Agentic AI

Agentic AI refers to artificial intelligence systems that can independently plan, make decisions, and carry out tasks to achieve a goal.

What is agentic AI?

Agentic AI refers to artificial intelligence systems that can independently plan, make decisions, and carry out tasks to achieve a goal. Unlike traditional AI models that only respond to prompts, agentic AI can take multiple actions, adapt to changing information, and use software tools or external systems to complete complex workflows.

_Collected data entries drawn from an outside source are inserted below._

text \<open>Over \<open>\<rat>\<close> the gcd of the two polynomials is a nonconstant common factor, because the
  Bezout identity makes it vanish at the common root.\<close>
lemma monic_irreducible\<^sub>d_common_root_eq:
  fixes q1 q2 :: "int poly" and y :: "'a::field_char_0"
  assumes irr: "irreducible\<^sub>d q1" "irreducible\<^sub>d q2" and monic: "lead_coeff q1 = 1" "lead_coeff q2 = 1"
    and root: "ipoly q1 y = 0" "ipoly q2 y = 0"
  shows "q1 = q2"
proof -
  let ?r = "map_poly rat_of_int" and ?a = "map_poly (of_rat :: rat \<Rightarrow> 'a)"
  interpret of_rat_poly: map_poly_comm_ring_hom "of_rat :: rat \<Rightarrow> 'a"
    by unfold_locales
  define G where "G = gcd (?r q1) (?r q2)"
  have ipoly_rat: "ipoly q y = poly (?a (?r q)) y" for q
    unfolding ipoly_def by (simp add: map_poly_map_poly o_def)
  have "G = fst (bezout_coefficients (?r q1) (?r q2)) * ?r q1 +
            snd (bezout_coefficients (?r q1) (?r q2)) * ?r q2"
    unfolding G_def by (simp add: bezout_coefficients_fst_snd)
  then have G_root: "poly (?a G) y = 0"
    using root by (simp add: ipoly_rat of_rat_poly.hom_add of_rat_poly.hom_mult)
  have "degree G > 0"
  proof (rule ccontr)
    assume "\<not> degree G > 0"
    then obtain c where "G = [:c:]"
      by (metis degree_eq_zeroE gr0I)
    moreover have "G \<noteq> 0"
      using monic unfolding G_def by auto
    ultimately show False
      using G_root by simp
  qed
  moreover have irr_rat: "irreducible\<^sub>d (?r q1)" "irreducible\<^sub>d (?r q2)"
    using irr by (blast intro: irreducible\<^sub>d_int_rat)+
  moreover have "G dvd ?r q1" "G dvd ?r q2"
    unfolding G_def by simp_all
  ultimately obtain c where "c \<noteq> 0" "?r q1 = smult c G"
    using irreducible\<^sub>d_dvd_smult by blast
  with \<open>G dvd ?r q2\<close> have "?r q1 dvd ?r q2"
    by (metis dvd_trans dvd_smult_cancel dvd_refl)
  then have "?r q1 = ?r q2"
    using irr_rat monic by (intro irreducible\<^sub>d_dvd_eq) simp_all
  then show ?thesis
    by (rule of_int_poly_hom.injectivity)
qed


text \<open>The polynomial \<open>y\<^sup>n + a\<^sub>1 y\<^bsup>n-1\<^esup> + \<dots> + a\<^sub>n\<close>.\<close>
definition monic_poly :: "nat \<Rightarrow> (nat \<Rightarrow> int) \<Rightarrow> int poly" where
  "monic_poly n a = Poly (map (\<lambda>j. a (n - j)) [0..<n] @ [1])"

lemma coeff_monic_poly:
  "coeff (monic_poly n a) j = (if j < n then a (n - j) else if j = n then 1 else 0)"
  unfolding monic_poly_def coeff_Poly nth_default_def by (auto simp: nth_append)

lemma degree_monic_poly [simp]: "degree (monic_poly n a) = n"
  by (rule antisym; (rule degree_le le_degree)) (simp_all add: coeff_monic_poly)

lemma lead_coeff_monic_poly: "lead_coeff (monic_poly n a) = 1"
  by (simp add: coeff_monic_poly)

lemma coeff_monic_poly_degree [simp]: "coeff (monic_poly n a) n = 1"
  by (simp add: coeff_monic_poly)

lemma ipoly_monic_poly:
  fixes y :: "'a::{comm_ring_1,ring_char_0}"
  shows "ipoly (monic_poly n a) y = y ^ n + (\<Sum>k=1..n. of_int (a k) * y ^ (n - k))"
proof -
  have "(\<Sum>j<n. of_int (a (n - j)) * y ^ j) = (\<Sum>k=1..n. of_int (a k) * y ^ (n - k))"
    by (rule sum.reindex_bij_witness[where i = "\<lambda>k. n - k" and j = "\<lambda>j. n - j"]) auto
  then show ?thesis
    by (simp add: ipoly_altdef coeff_monic_poly lessThan_Suc_atMost[symmetric])
qed

text \<open>The polynomial \<open>t\<^sup>n q(t + 1/t)\<close> of degree \<open>2n\<close>, for \<open>q\<close> of degree \<open>n\<close>.\<close>
definition palindromize :: "nat \<Rightarrow> int poly \<Rightarrow> int poly" where
  "palindromize n q = (\<Sum>j\<le>n. smult (coeff q j) (monom 1 (n - j) * [:1, 0, 1:] ^ j))"

lemma coeff_palindromize_ge:
  assumes "degree q = n" "lead_coeff q = 1" "2 * n \<le> m"
  shows "coeff (palindromize n q) m = (if m = 2 * n then 1 else 0)"
proof -
  have deg_pow: "degree ([:1, 0, 1:] ^ j :: int poly) = 2 * j" for j
    by (simp add: degree_power_eq)
  have lead_pow: "coeff ([:1, 0, 1:] ^ j :: int poly) (2 * j) = 1" for j
    using lead_coeff_power[of "[:1, 0, 1:] :: int poly" j] deg_pow[of j] by simp
  have summand: "coeff (monom 1 (n - j) * [:1, 0, 1:] ^ j :: int poly) m =
                  (if j = n \<and> m = 2 * n then 1 else 0)"
    if "j \<le> n" for j
  proof -
    have "coeff (monom 1 (n - j) * [:1, 0, 1:] ^ j :: int poly) m =
          coeff ([:1, 0, 1:] ^ j) (m - (n - j))"
      using that assms(3) by (simp add: coeff_monom_mult)
    moreover have "j = n \<and> m = 2 * n \<or> degree ([:1, 0, 1:] ^ j :: int poly) < m - (n - j)"
      using that assms(3) deg_pow by auto
    ultimately show ?thesis
      using lead_pow[of n] by (auto simp: coeff_eq_0)
  qed
  have "coeff (palindromize n q) m =
          (\<Sum>j\<le>n. coeff q j * coeff (monom 1 (n - j) * [:1, 0, 1:] ^ j :: int poly) m)"
    by (simp add: palindromize_def coeff_sum)
  also have "\<dots> = (\<Sum>j\<le>n. coeff q j * (if j = n \<and> m = 2 * n then 1 else 0))"
    by (intro sum.cong refl) (simp only: atMost_iff summand)
  also have "\<dots> = (if m = 2 * n then 1 else 0)"
    using assms(1,2) by (simp add: lessThan_Suc_atMost[symmetric])
  finally show ?thesis .
qed

lemma degree_palindromize:
  assumes "degree q = n" "lead_coeff q = 1"
  shows "degree (palindromize n q) = 2 * n" and "lead_coeff (palindromize n q) = 1"
proof -
  show deg: "degree (palindromize n q) = 2 * n"
    using coeff_palindromize_ge[OF assms]
    by (intro antisym degree_le le_degree) auto
  show "lead_coeff (palindromize n q) = 1"
    unfolding deg using coeff_palindromize_ge[OF assms] by simp
qed

lemma ipoly_palindromize:
  fixes t :: "'a::field_char_0"
  assumes "degree q = n" "t \<noteq> 0"
  shows "ipoly (palindromize n q) t = t ^ n * ipoly q (t + 1 / t)"
proof -
  have "t ^ (n - j) * (t\<^sup>2 + 1) ^ j = t ^ n * (t + 1 / t) ^ j" if "j \<le> n" for j
  proof -
    have "t ^ j * (t + 1 / t) ^ j = (t\<^sup>2 + 1) ^ j"
      using assms(2) by (simp add: power_mult_distrib[symmetric] field_simps power2_eq_square)
    moreover have "t ^ n = t ^ (n - j) * t ^ j"
      using that by (simp flip: power_add)
    ultimately show ?thesis by (simp add: mult.assoc)
  qed
  then have "ipoly (palindromize n q) t = (\<Sum>j\<le>n. t ^ n * (of_int (coeff q j) * (t + 1 / t) ^ j))"
    unfolding ipoly_def palindromize_def
    by (simp add: of_int_poly_hom.hom_sum poly_sum poly_monom poly_power power2_eq_square
        hom_distribs algebra_simps)
  also have "\<dots> = t ^ n * ipoly q (t + 1 / t)"
    by (simp add: ipoly_altdef assms(1) sum_distrib_left)
  finally show ?thesis .
qed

Agentic AI is designed to operate with a greater degree of autonomy while still working within defined objectives or constraints.

How does agentic AI work?

Agentic AI combines AI models with planning, reasoning, memory, and tool usage.

It can:

  • Break complex tasks into smaller steps
  • Make decisions based on available information
  • Use external tools, software, or data sources
  • Adjust its actions as conditions change
  • Continue working until a task is completed or a goal is reached

Many agentic AI systems are built using large language models (LLMs) together with additional software components.

How is agentic AI used in practice?

Agentic AI is used across a wide range of industries.

Examples include:

  • Automating customer support and business workflows
  • Conducting research across multiple sources
  • Managing software development or IT operations
  • Assisting with financial analysis and reporting
  • Performing repetitive administrative tasks with minimal human intervention

The technology is often used where tasks involve multiple steps rather than a single response.

What are notable examples of agentic AI?

Examples include:

  • AI assistants that can schedule meetings, send emails, and manage tasks
  • AI software development agents that write, test, and improve code
  • Research agents that collect, organize, and summarize information from multiple sources
  • Enterprise AI systems that automate business processes across different software platforms

These systems differ from traditional chatbots because they are designed to complete objectives, not just answer questions.

How does agentic AI relate to the crypto world?

Agentic AI is increasingly being explored within the crypto industry.

Examples include:

  • Automating trading and portfolio management strategies
  • Managing decentralized finance (DeFi) positions based on predefined rules
  • Assisting with blockchain security monitoring and smart contract analysis
  • Performing on-chain data analysis and market research
  • Interacting with decentralized applications (dApps) and blockchain protocols

Several blockchain projects are also developing infrastructure designed to support autonomous AI agents.

Why is agentic AI important?

Agentic AI is important because it expands AI from generating information to completing tasks autonomously. By combining reasoning, planning, and tool usage, agentic AI can automate more complex workflows across industries, including finance, software development, and digital assets.